### Task goal:
Each entry below needs to be copied exactly, with nothing dropped.

* * *

(* In the two-period model with a transparent bailout and $p_0<p_g<1-S$, in any delayed stimulation equilibrium we have $\hat\theta=\theta_0$, $\hat\theta_g\in[\theta_0,p_g+S)$ and $\theta_2=p_g+S$. Moreover: (i) types $\theta\le\theta_0$ sell in both periods, and a positive (possibly full) measure of them accept the bailout; (ii) among types $\theta\le\theta_0$, those that sell to the market at $t=1$ (if any) receive price $p_0$ at $t=1$ and price $p_g$ from the $t=2$ market, while those that accept the bailout sell at price $p_0$ at $t=2$; both groups have the same average asset value $\mathbb{E}[\theta\mid\theta\le\theta_0]=p_0$; (iii) types $\theta\in(\theta_0,\hat\theta_g]$ sell only at $t=1$, to the government at $p_g$; (iv) types $\theta\in(\hat\theta_g,p_g+S]$ sell only at $t=2$, at price $p_g$, and types $\theta>p_g+S$ never sell.
   Context: Two-period model: a continuum of firms with privately known type $\theta\in[0,1]$, cdf $F$, density $f>0$, $f$ strictly log-concave, and for every $b\in(0,1]$ the map $a\mapsto 2\mathbb{E}[\theta\mid a<\theta<b]-\mathbb{E}[\theta\mid\theta\le a]$ is increasing on $(0,b)$. A type-$\theta$ firm holds one unit of an asset worth $\theta$ in each of two periods $t=1,2$. In each period it has a project with cost $I>0$ and net return $S>0$ that can be funded only by selling that period's unit; selling that unit at price $p\ge I$ yields $p+S$ for that period, not selling yields $\theta$. A firm's total payoff is the sum of the two periods' payoffs (period-2 payoff weighted by $\delta<1$, and equilibria are considered in the limit $\delta\to1$). In each period competitive short-lived risk-neutral buyers make price offers (Bertrand; break even in expectation; indifferent buyers buy). At $t=1$ only, the government offers to buy one unit at price $p_g$; each firm then sells its $t=1$ unit to the government, to the market, or not at all. Sales to the market at $t=1$ are not observed by $t=2$ buyers. Transparent bailout: acceptance of the government offer is observed by $t=2$ buyers, who may make different offers to bailout recipients and non-recipients. Equilibrium means perfect Bayesian equilibrium. Laissez-faire: $\theta_0\in(0,1)$ uniquely solves $\theta_0-S=\mathbb{E}[\theta\mid\theta\le\theta_0]$, $p_0:=\mathbb{E}[\theta\mid\theta\le\theta_0]$, and $p_0\ge I$. Equilibrium structure: every equilibrium has cutoffs $0<\hat\theta\le\hat\theta_g\le\theta_2$ such that types $\theta\le\hat\theta$ sell in both periods, types in $(\hat\theta,\hat\theta_g]$ sell only at $t=1$ to the government, types in $(\hat\theta_g,\theta_2]$ sell only at $t=2$, and types above $\theta_2$ never sell. A short-lived stimulation equilibrium is an equilibrium with $\hat\theta_g=\theta_2$; a delayed stimulation equilibrium is one with $\hat\theta_g<\theta_2$. *)

theory Defs
  imports "HOL-Analysis.Analysis"
begin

* * *

### Exercise result:
(* In the two-period model with a transparent bailout and $p_0<p_g<1-S$, in any delayed stimulation equilibrium we have $\hat\theta=\theta_0$, $\hat\theta_g\in[\theta_0,p_g+S)$ and $\theta_2=p_g+S$. Moreover: (i) types $\theta\le\theta_0$ sell in both periods, and a positive (possibly full) measure of them accept the bailout; (ii) among types $\theta\le\theta_0$, those that sell to the market at $t=1$ (if any) receive price $p_0$ at $t=1$ and price $p_g$ from the $t=2$ market, while those that accept the bailout sell at price $p_0$ at $t=2$; both groups have the same average asset value $\mathbb{E}[\theta\mid\theta\le\theta_0]=p_0$; (iii) types $\theta\in(\theta_0,\hat\theta_g]$ sell only at $t=1$, to the government at $p_g$; (iv) types $\theta\in(\hat\theta_g,p_g+S]$ sell only at $t=2$, at price $p_g$, and types $\theta>p_g+S$ never sell.
   Context: Two-period model: a continuum of firms with privately known type $\theta\in[0,1]$, cdf $F$, density $f>0$, $f$ strictly log-concave, and for every $b\in(0,1]$ the map $a\mapsto 2\mathbb{E}[\theta\mid a<\theta<b]-\mathbb{E}[\theta\mid\theta\le a]$ is increasing on $(0,b)$. A type-$\theta$ firm holds one unit of an asset worth $\theta$ in each of two periods $t=1,2$. In each period it has a project with cost $I>0$ and net return $S>0$ that can be funded only by selling that period's unit; selling that unit at price $p\ge I$ yields $p+S$ for that period, not selling yields $\theta$. A firm's total payoff is the sum of the two periods' payoffs (period-2 payoff weighted by $\delta<1$, and equilibria are considered in the limit $\delta\to1$). In each period competitive short-lived risk-neutral buyers make price offers (Bertrand; break even in expectation; indifferent buyers buy). At $t=1$ only, the government offers to buy one unit at price $p_g$; each firm then sells its $t=1$ unit to the government, to the market, or not at all. Sales to the market at $t=1$ are not observed by $t=2$ buyers. Transparent bailout: acceptance of the government offer is observed by $t=2$ buyers, who may make different offers to bailout recipients and non-recipients. Equilibrium means perfect Bayesian equilibrium. Laissez-faire: $\theta_0\in(0,1)$ uniquely solves $\theta_0-S=\mathbb{E}[\theta\mid\theta\le\theta_0]$, $p_0:=\mathbb{E}[\theta\mid\theta\le\theta_0]$, and $p_0\ge I$. Equilibrium structure: every equilibrium has cutoffs $0<\hat\theta\le\hat\theta_g\le\theta_2$ such that types $\theta\le\hat\theta$ sell in both periods, types in $(\hat\theta,\hat\theta_g]$ sell only at $t=1$ to the government, types in $(\hat\theta_g,\theta_2]$ sell only at $t=2$, and types above $\theta_2$ never sell. A short-lived stimulation equilibrium is an equilibrium with $\hat\theta_g=\theta_2$; a delayed stimulation equilibrium is one with $\hat\theta_g<\theta_2$. *)

theory Defs
  imports "HOL-Analysis.Analysis"
begin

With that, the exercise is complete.